Mentions of "Cigarette" and "Smoking" in *The College News*

Relative Frequency Visualized in a Bar Graph

Linda Chen '23

I have always been interested in potential trends and patterns within our volumious corpus, so at the initial stage of my individual project, I ran a few keyword searches through the whole corpus using regular expression and python. I chose to look into the frequency of “cigarette” and “smoking” mostly because during the project team’s initial exploration of The College News, we discovered a large number of tobacco advertisements. I then ran a keyword search of “cigarette” and “smoking”, which returned over 2800 results–a shockingly high number to my generation considering tobacco’s well-known negative impact on health nowadays. After an informal discussion with the project team, I realized the frequency of smoking related terms in our corpus might correlate to national policies concerning the tobacco industry during the runtime of The College News (1914-1968).

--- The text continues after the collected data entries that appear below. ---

(* Suppose $\mathcal C,\widetilde{\mathcal C}$ are self-adjoint, positive definite, compact operators on $L_2(\mathcal X,\nu_{\mathcal X})$ which diagonalize with respect to the same orthonormal basis $\{e_j\}_{j\in\mathbb N}$ of $L_2(\mathcal X,\nu_{\mathcal X})$, i.e. there are eigenvalues $\gamma_j,\widetilde\gamma_j\in(0,\infty)$, accumulating only at zero, with $\mathcal Ce_j=\gamma_je_j$ and $\widetilde{\mathcal C}e_j=\widetilde\gamma_je_j$ for all $j$. Then the following two conditions both hold: (I) the Cameron–Martin spaces $\mathcal C^{1/2}(L_2)$ and $\widetilde{\mathcal C}^{1/2}(L_2)$ are norm equivalent Hilbert spaces; (III) there exists $a\in(0,\infty)$ such that $\mathcal C^{-1/2}\widetilde{\mathcal C}\mathcal C^{-1/2}-a\mathcal I$ is compact on $L_2(\mathcal X,\nu_{\mathcal X})$; if and only if there exists $a\in(0,\infty)$ with $\lim_{j\to\infty}\widetilde\gamma_j/\gamma_j=a$.
   Context: $(\mathcal X,d_{\mathcal X})$ is a connected, compact metric space of infinite cardinality and $\nu_{\mathcal X}$ a strictly positive finite Borel measure; $L_2=L_2(\mathcal X,\nu_{\mathcal X})$, $\mathcal I$ the identity. The Cameron–Martin space $\mathcal C^{1/2}(L_2)$ carries the norm $\|u\|=\|\mathcal C^{-1/2}u\|_{L_2}$, analogously for $\widetilde{\mathcal C}$. *)

theory Defs
  imports "HOL-Analysis.Analysis"
begin

text \<open>The Hilbert space L2 is modelled abstractly by a real Hilbert space type
  (real inner product space that is complete). Operators are functions on it.\<close>

definition selfadjoint_op :: "('a::real_inner \<Rightarrow> 'a) \<Rightarrow> bool" where
  "selfadjoint_op T \<longleftrightarrow> (\<forall>x y. inner (T x) y = inner x (T y))"

definition posdef_op :: "('a::real_inner \<Rightarrow> 'a) \<Rightarrow> bool" where
  "posdef_op T \<longleftrightarrow> (\<forall>x. x \<noteq> 0 \<longrightarrow> inner (T x) x > 0)"

definition positive_op :: "('a::real_inner \<Rightarrow> 'a) \<Rightarrow> bool" where
  "positive_op T \<longleftrightarrow> (\<forall>x. inner (T x) x \<ge> 0)"

definition compact_op :: "('a::real_normed_vector \<Rightarrow> 'b::real_normed_vector) \<Rightarrow> bool" where
  "compact_op K \<longleftrightarrow> bounded_linear K \<and> compact (closure (K ` ball 0 1))"

definition orthonormal_basis :: "(nat \<Rightarrow> 'a::real_inner) \<Rightarrow> bool" where
  "orthonormal_basis e \<longleftrightarrow> (\<forall>i j. inner (e i) (e j) = (if i = j then 1 else 0))
       \<and> closure (span (range e)) = UNIV"

definition sqrt_op :: "('a::real_inner \<Rightarrow> 'a) \<Rightarrow> ('a \<Rightarrow> 'a)" where
  "sqrt_op C = (THE S. bounded_linear S \<and> selfadjoint_op S \<and> positive_op S \<and> S \<circ> S = C)"

definition invsqrt_op :: "('a::real_inner \<Rightarrow> 'a) \<Rightarrow> ('a \<Rightarrow> 'a)" where
  "invsqrt_op C = inv_into UNIV (sqrt_op C)"

definition CM_space :: "('a::real_inner \<Rightarrow> 'a) \<Rightarrow> 'a set" where
  "CM_space C = range (sqrt_op C)"

definition CM_norm :: "('a::real_inner \<Rightarrow> 'a) \<Rightarrow> 'a \<Rightarrow> real" where
  "CM_norm C u = norm (invsqrt_op C u)"

definition CM_norm_equivalent :: "('a::real_inner \<Rightarrow> 'a) \<Rightarrow> ('a \<Rightarrow> 'a) \<Rightarrow> bool" where
  "CM_norm_equivalent C C' \<longleftrightarrow> CM_space C = CM_space C' \<and>
     (\<exists>c1 c2. c1 > 0 \<and> c2 > 0 \<and> (\<forall>u\<in>CM_space C.
        c1 * CM_norm C u \<le> CM_norm C' u \<and> CM_norm C' u \<le> c2 * CM_norm C u))"

text \<open>Natural domain of the (possibly unbounded) operator C^(-1/2) C' C^(-1/2).\<close>
definition sandwich_dom :: "('a::real_inner \<Rightarrow> 'a) \<Rightarrow> ('a \<Rightarrow> 'a) \<Rightarrow> 'a set" where
  "sandwich_dom C C' = {x \<in> CM_space C. C' (invsqrt_op C x) \<in> CM_space C}"

definition sandwich_op :: "('a::real_inner \<Rightarrow> 'a) \<Rightarrow> ('a \<Rightarrow> 'a) \<Rightarrow> 'a \<Rightarrow> 'a" where
  "sandwich_op C C' x = invsqrt_op C (C' (invsqrt_op C x))"

text \<open>Condition (III) for a given a: C^(-1/2) C' C^(-1/2) - a I is densely defined and
  agrees on its domain with a compact operator on the whole space.\<close>
definition sandwich_minus_compact :: "('a::real_inner \<Rightarrow> 'a) \<Rightarrow> ('a \<Rightarrow> 'a) \<Rightarrow> real \<Rightarrow> bool" where
  "sandwich_minus_compact C C' a \<longleftrightarrow> closure (sandwich_dom C C') = UNIV \<and>
     (\<exists>K. compact_op K \<and> (\<forall>x\<in>sandwich_dom C C'. sandwich_op C C' x - a *\<^sub>R x = K x))"

end

theory Submission
  imports Defs
begin

text \<open>Both operators are diagonal in the basis \<open>e\<close>, so everything reduces to multiplier
  sequences: the square root of \<open>C\<close> multiplies the \<open>j\<close>-th coefficient by \<open>sqrt (\<gamma> j)\<close>, so
  the Cameron--Martin norm of \<open>sqrt_op C x\<close> is \<open>norm x\<close>, and the sandwiched operator minus
  \<open>a\<close> multiplies \<open>e j\<close> by \<open>\<gamma>t j / \<gamma> j - a\<close>. By Bessel's inequality every orthonormal
  sequence tends weakly to \<open>0\<close>, so a compact operator maps it to a null sequence; this forces
  \<open>\<gamma>t j / \<gamma> j \<longlonglongrightarrow> a\<close>. Conversely, if the ratio tends to \<open>a > 0\<close>, it is bounded above and
  away from \<open>0\<close>, which gives the equivalence of the norms, and the diagonal operator with the
  null multipliers \<open>\<gamma>t j / \<gamma> j - a\<close> is compact: up to any \<open>\<epsilon>\<close> it maps the unit ball into a
  compact box in the span of finitely many \<open>e j\<close>.\<close>

section \<open>Orthonormal sequences\<close>

definition orthonormal_seq :: "(nat \<Rightarrow> 'a::real_inner) \<Rightarrow> bool" where
  "orthonormal_seq e \<longleftrightarrow> (\<forall>i j. inner (e i) (e j) = (if i = j then 1 else 0))"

To further analyze the data I gathered through keyword searching, I imported the csv file containing the search results to Pandas, a python library for data analysis, as a data frame, and calculated the relative frequency of “smoking” and “cigarette” by dividing their yearly counts by the total wordcount of all issues published that year. Finally, I graphed my data using Altair, a python library for interactive data visualization. I chose to make a bar graph with year as the x-variable and relative frequency on the y-axis because I hope this graph can reveal patterns and trends in the fluctuation of cigarette-related content over time. As the graph shows, mentions of cigarettes and smoking have been in steep decline throughout the 1960s with the notable nadir in 1964 potentially as a result of “the Surgeon General’s 1964 Report on Smoking and Health”, a research highlighting negative effects of tobacco.